Among the different types of help for obsessive compulsive disorder are medications which decrease anxiety; cognitive techniques which help a person learn to think differently (for example, challenging the idea that germs are really so dangerous); behavioral techniques which help a person act differently (such as ignoring obsessive thoughts and not repeating compulsive behaviors over and over again, or exposing oneself to the feared situation- such as germs- until you get used to it and no longer fear it), and even EMDR may be helpful at times. My favorite approach is a psychodynamic one in which we might try to uncover whether there are meanings to the content of the obsessions or compulsions that are not immediately obvious (for example, a belief that you are “dirty” leading to compulsive cleaning actually being about feelings of being “dirty” due to a forbidden desire), or whether there is a hidden function for the self of the obsessing/ritualized behaviors such as emotion regulation, self-punishment, an indirect communication to others around you, or a way of organizing your identity. However, I also feel strongly that exposure and response prevention and cognitive therapy are necessary in addition to really get symptom relief. I use a combination approach in my practice.

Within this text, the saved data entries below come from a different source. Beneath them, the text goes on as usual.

(* Let $\Lambda$ be a row-finite $k$-graph with no sources. Suppose that the infinite path space $\Lambda^\infty$ admits a $\Lambda$-projective system on $(\Lambda^\infty,\mu)$, for some Radon measure $\mu$ such that all cylinder sets have finite measure, with the standard prefixing maps $\{\sigma_\lambda\}$, standard coding maps $\{\sigma^n\}_{n\in\mathbb{N}^k}$, and functions $\{f_\lambda\}$, and let $\{T_\lambda\}$ be the associated operators $T_\lambda f=f_\lambda\cdot(f\circ\sigma^{d(\lambda)})$. Let $E \subseteq \Lambda^\infty$ be a measurable set with $\mu(E\,\Delta\,(\sigma^n)^{-1}(E))=0$ for all $n\in\mathbb{N}^k$ and $\mu(E\cap Z(v))>0$ for all $v\in\Lambda^0$, so that the restriction $\{T_\lambda^E\}_{\lambda \in \Lambda}$ of the $\Lambda$-projective representation to $L^2(E, \mu)$ (i.e. the one associated to the restricted system on $(\Lambda^\infty,\mu_E)$) is again a $\Lambda$-projective representation. Then (a) the commutant of $\{T_\lambda^E: \lambda \in \Lambda\}$ consists of multiplication operators by functions $h$ with $h \circ \sigma^n = h$ $\mu_E$-a.e. for all $n\in \mathbb{N}^k$; (b) if $\sigma^n$ is ergodic with respect to $\mu_E$ for some $n \in \mathbb{N}^k$, then $\{T_\lambda^E\}_{\lambda \in \Lambda}$ is irreducible; (c) if $\{\sigma^n\}_{n\in\mathbb{N}^k}$ is jointly ergodic with respect to $\mu_E$, then $\{T_\lambda^E\}_{\lambda \in \Lambda}$ is irreducible.
   Context: A $k$-graph is a countable small category $\Lambda$ with a functor $d:\Lambda\to\mathbb{N}^k$ with unique factorization; $\Lambda^0$ vertices, $r,s$ range/source, $v\Lambda^n$ paths of degree $n$ with range $v$; row-finite: finite; no sources: nonempty. $C^*(\Lambda)$ is the universal $C^*$-algebra of partial isometries $s_\lambda$ satisfying the Cuntz–Krieger relations ($\{s_v\}$ orthogonal projections, $s_\lambda s_\eta=s_{\lambda\eta}$, $s_\lambda^*s_\lambda=s_{s(\lambda)}$, $s_v=\sum_{\lambda\in v\Lambda^n}s_\lambda s_\lambda^*$). $\Lambda^\infty$: degree-preserving functors $x:\Omega_k\to\Lambda$ ($\Omega_k$ has morphisms $(m,n)$ with $m\le n$ in $\mathbb{N}^k$, $d(m,n)=n-m$), $r(x)=x(0)$; cylinder sets $Z(\lambda)=\{x: x(0,d(\lambda))=\lambda\}$ give a locally compact Hausdorff topology and Borel structure. Standard coding maps $\sigma^n(x)(p,q)=x(p+n,q+n)$; standard prefixing maps $\sigma_\lambda:Z(s(\lambda))\to Z(\lambda)$, $x\mapsto\lambda x$. A $\Lambda$-projective system on $(X,\mu)$ with prefixing maps $\tau_\lambda:D_\lambda\to R_\lambda$ and coding maps $\tau^n$ is a $\Lambda$-semibranching function system (for each $n$, $\{\tau_\lambda:d(\lambda)=n\}$ is a semibranching function system with coding map $\tau^n$, i.e. $0<\mu(D_\lambda)<\infty$, ranges $R_\lambda$ of finite measure, a.e. disjoint, covering $X$ a.e., $d(\mu\circ\tau_\lambda)/d\mu>0$ a.e., $\tau^n\circ\tau_\lambda=\mathrm{id}$; $\tau_v=\mathrm{id}$; $\tau_\lambda\tau_\nu=\tau_{\lambda\nu}$ a.e.; $\tau^m\tau^n=\tau^{m+n}$) together with $f_\lambda\in L^2$ with $0\ne d(\mu\circ\tau_\lambda^{-1})/d\mu=|f_\lambda|^2$ and $f_\lambda(f_\nu\circ\tau^{d(\lambda)})=f_{\lambda\nu}$. For a measurable $E$, $\mu_E(B)=\mu(B\cap E)$. A map $T$ is ergodic w.r.t. $\mu_E$ if every measurable $A$ with $\mu_E(A\,\Delta\,T^{-1}(A))=0$ has $\mu_E(A)=0$ or $\mu_E(\Lambda^\infty\setminus A)=0$; a family is jointly ergodic if the same holds for sets invariant (in this sense) under every member of the family. *)

theory Defs
  imports "HOL-Analysis.Analysis" "HOL-Probability.Probability" "HOL-Library.Function_Algebras"
begin

text \<open>Degrees live in N^k, represented as functions nat => nat vanishing from k on.
  Order, addition, subtraction and 0 are pointwise.\<close>

definition Nk :: "nat \<Rightarrow> (nat \<Rightarrow> nat) set" where
  "Nk k = {n. \<forall>i\<ge>k. n i = 0}"

text \<open>A k-graph as a small category: vertices (objects), paths (morphisms), range, source,
  degree functor, composition (cmp a b = "a b", defined when src a = rng b) and identities.\<close>

record ('v, 'p) kgraph =
  verts :: "'v set"
  paths :: "'p set"
  rng :: "'p \<Rightarrow> 'v"
  src :: "'p \<Rightarrow> 'v"
  deg :: "'p \<Rightarrow> nat \<Rightarrow> nat"
  cmp :: "'p \<Rightarrow> 'p \<Rightarrow> 'p"
  idp :: "'v \<Rightarrow> 'p"

definition kgraph :: "nat \<Rightarrow> ('v, 'p) kgraph \<Rightarrow> bool" where
  "kgraph k G \<longleftrightarrow>
     countable (paths G) \<and>
     (\<forall>v\<in>verts G. idp G v \<in> paths G \<and> rng G (idp G v) = v \<and> src G (idp G v) = v
                   \<and> deg G (idp G v) = 0) \<and>
     (\<forall>l\<in>paths G. rng G l \<in> verts G \<and> src G l \<in> verts G \<and> deg G l \<in> Nk k) \<and>
     (\<forall>a\<in>paths G. \<forall>b\<in>paths G. src G a = rng G b \<longrightarrow>
        cmp G a b \<in> paths G \<and> rng G (cmp G a b) = rng G a \<and> src G (cmp G a b) = src G b
        \<and> deg G (cmp G a b) = deg G a + deg G b) \<and>
     (\<forall>a\<in>paths G. \<forall>b\<in>paths G. \<forall>c\<in>paths G. src G a = rng G b \<longrightarrow> src G b = rng G c \<longrightarrow>
        cmp G (cmp G a b) c = cmp G a (cmp G b c)) \<and>
     (\<forall>l\<in>paths G. cmp G (idp G (rng G l)) l = l \<and> cmp G l (idp G (src G l)) = l) \<and>
     (\<forall>l\<in>paths G. \<forall>m\<in>Nk k. \<forall>n\<in>Nk k. deg G l = m + n \<longrightarrow>
        (\<exists>!(a, b). a \<in> paths G \<and> b \<in> paths G \<and> src G a = rng G b \<and>
                   deg G a = m \<and> deg G b = n \<and> cmp G a b = l))"

definition row_finite_no_sources :: "nat \<Rightarrow> ('v, 'p) kgraph \<Rightarrow> bool" where
  "row_finite_no_sources k G \<longleftrightarrow>
     (\<forall>v\<in>verts G. \<forall>n\<in>Nk k.
        finite {l\<in>paths G. rng G l = v \<and> deg G l = n} \<and>
        {l\<in>paths G. rng G l = v \<and> deg G l = n} \<noteq> {})"

text \<open>An infinite path is a degree-preserving functor from Omega_k; the morphism (m,n), m \<le> n,
  is sent to x m n.  Off the morphisms of Omega_k the function is fixed to undefined.\<close>

type_synonym 'p ipath = "(nat \<Rightarrow> nat) \<Rightarrow> (nat \<Rightarrow> nat) \<Rightarrow> 'p"

definition inf_paths :: "nat \<Rightarrow> ('v, 'p) kgraph \<Rightarrow> 'p ipath set" where
  "inf_paths k G = {x.
     (\<forall>m n. if m \<le> n \<and> m \<in> Nk k \<and> n \<in> Nk k
            then x m n \<in> paths G \<and> deg G (x m n) = n - m
            else x m n = undefined) \<and>
     (\<forall>m\<in>Nk k. x m m \<in> idp G ` verts G) \<and>
     (\<forall>m\<in>Nk k. \<forall>n\<in>Nk k. \<forall>p\<in>Nk k. m \<le> n \<longrightarrow> n \<le> p \<longrightarrow>
        src G (x m n) = rng G (x n p) \<and> cmp G (x m n) (x n p) = x m p)}"

definition cyl :: "nat \<Rightarrow> ('v, 'p) kgraph \<Rightarrow> 'p \<Rightarrow> 'p ipath set" where
  "cyl k G l = {x \<in> inf_paths k G. x 0 (deg G l) = l}"

definition shift :: "nat \<Rightarrow> (nat \<Rightarrow> nat) \<Rightarrow> 'p ipath \<Rightarrow> 'p ipath" where
  "shift k n x = (\<lambda>p q. if p \<le> q \<and> p \<in> Nk k \<and> q \<in> Nk k then x (p + n) (q + n) else undefined)"

text \<open>Standard prefixing map sigma_l : Z(s(l)) \<rightarrow> Z(l), x \<mapsto> l x (the unique infinite path
  whose initial segment of degree d(l) is l and whose d(l)-shift is x).\<close>
definition prefix :: "nat \<Rightarrow> ('v, 'p) kgraph \<Rightarrow> 'p \<Rightarrow> 'p ipath \<Rightarrow> 'p ipath" where
  "prefix k G l x = (THE y. y \<in> inf_paths k G \<and> y 0 (deg G l) = l \<and> shift k (deg G l) y = x)"

definition symdiff :: "'a set \<Rightarrow> 'a set \<Rightarrow> 'a set" where
  "symdiff A B = (A - B) \<union> (B - A)"

definition SBFS_deg ::
  "nat \<Rightarrow> ('v, 'p) kgraph \<Rightarrow> 'x measure \<Rightarrow> ('p \<Rightarrow> 'x set) \<Rightarrow> ('p \<Rightarrow> 'x set)
   \<Rightarrow> ('p \<Rightarrow> 'x \<Rightarrow> 'x) \<Rightarrow> ((nat \<Rightarrow> nat) \<Rightarrow> 'x \<Rightarrow> 'x) \<Rightarrow> (nat \<Rightarrow> nat) \<Rightarrow> bool" where
  "SBFS_deg k G M D R tau cod n \<longleftrightarrow>
     cod n \<in> measurable M M \<and>
     (\<forall>l\<in>paths G. deg G l = n \<longrightarrow>
        D l \<in> sets M \<and> R l \<in> sets M \<and>
        0 < emeasure M (D l) \<and> emeasure M (D l) < \<infinity> \<and> emeasure M (R l) < \<infinity> \<and>
        tau l \<in> measurable (restrict_space M (D l)) M \<and> tau l ` D l = R l \<and>
        (\<exists>g \<in> borel_measurable M. (AE x in M. x \<in> D l \<longrightarrow> g x > 0) \<and>
           (\<forall>B\<in>sets M. B \<subseteq> D l \<longrightarrow>
               tau l ` B \<in> sets M \<and> emeasure M (tau l ` B) = (\<integral>\<^sup>+ x\<in>B. g x \<partial>M))) \<and>
        (\<forall>x\<in>D l. cod n (tau l x) = x)) \<and>
     (\<forall>l\<in>paths G. \<forall>l'\<in>paths G. deg G l = n \<longrightarrow> deg G l' = n \<longrightarrow> l \<noteq> l' \<longrightarrow>
        emeasure M (R l \<inter> R l') = 0) \<and>
     emeasure M (space M - (\<Union>l\<in>{l\<in>paths G. deg G l = n}. R l)) = 0"

definition Lambda_SBFS ::
  "nat \<Rightarrow> ('v, 'p) kgraph \<Rightarrow> 'x measure \<Rightarrow> ('p \<Rightarrow> 'x set) \<Rightarrow> ('p \<Rightarrow> 'x set)
   \<Rightarrow> ('p \<Rightarrow> 'x \<Rightarrow> 'x) \<Rightarrow> ((nat \<Rightarrow> nat) \<Rightarrow> 'x \<Rightarrow> 'x) \<Rightarrow> bool" where
  "Lambda_SBFS k G M D R tau cod \<longleftrightarrow>
     (\<forall>n\<in>Nk k. SBFS_deg k G M D R tau cod n) \<and>
     (\<forall>v\<in>verts G. \<forall>x\<in>D (idp G v). tau (idp G v) x = x) \<and>
     (\<forall>a\<in>paths G. \<forall>b\<in>paths G. src G a = rng G b \<longrightarrow>
        (AE x in M. x \<in> D (cmp G a b) \<longrightarrow> tau a (tau b x) = tau (cmp G a b) x)) \<and>
     (\<forall>m\<in>Nk k. \<forall>n\<in>Nk k. \<forall>x\<in>space M. cod m (cod n x) = cod (m + n) x)"

text \<open>Square-integrable complex functions (representatives of L^2 classes).\<close>
definition L2 :: "'x measure \<Rightarrow> ('x \<Rightarrow> complex) set" where
  "L2 M = {g. g \<in> borel_measurable M \<and> integrable M (\<lambda>x. (cmod (g x))\<^sup>2)}"

definition Lambda_projective_system ::
  "nat \<Rightarrow> ('v, 'p) kgraph \<Rightarrow> 'x measure \<Rightarrow> ('p \<Rightarrow> 'x set) \<Rightarrow> ('p \<Rightarrow> 'x set)
   \<Rightarrow> ('p \<Rightarrow> 'x \<Rightarrow> 'x) \<Rightarrow> ((nat \<Rightarrow> nat) \<Rightarrow> 'x \<Rightarrow> 'x) \<Rightarrow> ('p \<Rightarrow> 'x \<Rightarrow> complex) \<Rightarrow> bool" where
  "Lambda_projective_system k G M D R tau cod f \<longleftrightarrow>
     Lambda_SBFS k G M D R tau cod \<and>
     (\<forall>l\<in>paths G. f l \<in> L2 M \<and> \<not> (AE x in M. f l x = 0) \<and>
        (\<forall>B\<in>sets M. emeasure M (tau l -` B \<inter> D l) =
                     (\<integral>\<^sup>+ x\<in>B. ennreal ((cmod (f l x))\<^sup>2) \<partial>M))) \<and>
     (\<forall>a\<in>paths G. \<forall>b\<in>paths G. src G a = rng G b \<longrightarrow>
        (AE x in M. f a x * f b (cod (deg G a) x) = f (cmp G a b) x))"

section \<open>Operators on L^2 (acting on representatives, modulo a.e. equality)\<close>

definition l2_inner :: "'x measure \<Rightarrow> ('x \<Rightarrow> complex) \<Rightarrow> ('x \<Rightarrow> complex) \<Rightarrow> complex" where
  "l2_inner M g h = (LINT x|M. g x * cnj (h x))"

definition l2_norm :: "'x measure \<Rightarrow> ('x \<Rightarrow> complex) \<Rightarrow> real" where
  "l2_norm M g = sqrt (LINT x|M. (cmod (g x))\<^sup>2)"

definition bounded_op :: "'x measure \<Rightarrow> (('x \<Rightarrow> complex) \<Rightarrow> ('x \<Rightarrow> complex)) \<Rightarrow> bool" where
  "bounded_op M A \<longleftrightarrow>
     (\<forall>g\<in>L2 M. A g \<in> L2 M) \<and>
     (\<forall>g\<in>L2 M. \<forall>h\<in>L2 M. (AE x in M. g x = h x) \<longrightarrow> (AE x in M. A g x = A h x)) \<and>
     (\<forall>g\<in>L2 M. \<forall>h\<in>L2 M. AE x in M. A (\<lambda>y. g y + h y) x = A g x + A h x) \<and>
     (\<forall>g\<in>L2 M. \<forall>c. AE x in M. A (\<lambda>y. c * g y) x = c * A g x) \<and>
     (\<exists>C. \<forall>g\<in>L2 M. l2_norm M (A g) \<le> C * l2_norm M g)"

While it may take a trial of several approaches until you find the one that works for you, it is usually a good idea to see if you feel comfortable with the therapist you see and with the approach that the therapist uses. Don’t be shy to ask about that in your initial consultation and to “shop around” for the person who will be just right to help you with your individual types of symptoms. Remember, the “label” OCD describes a set of thoughts, feelings, and behaviors that you are having trouble with, but doesn’t really say that much about the cause of your symptoms, their meaning, or what will help you manage or eliminate them!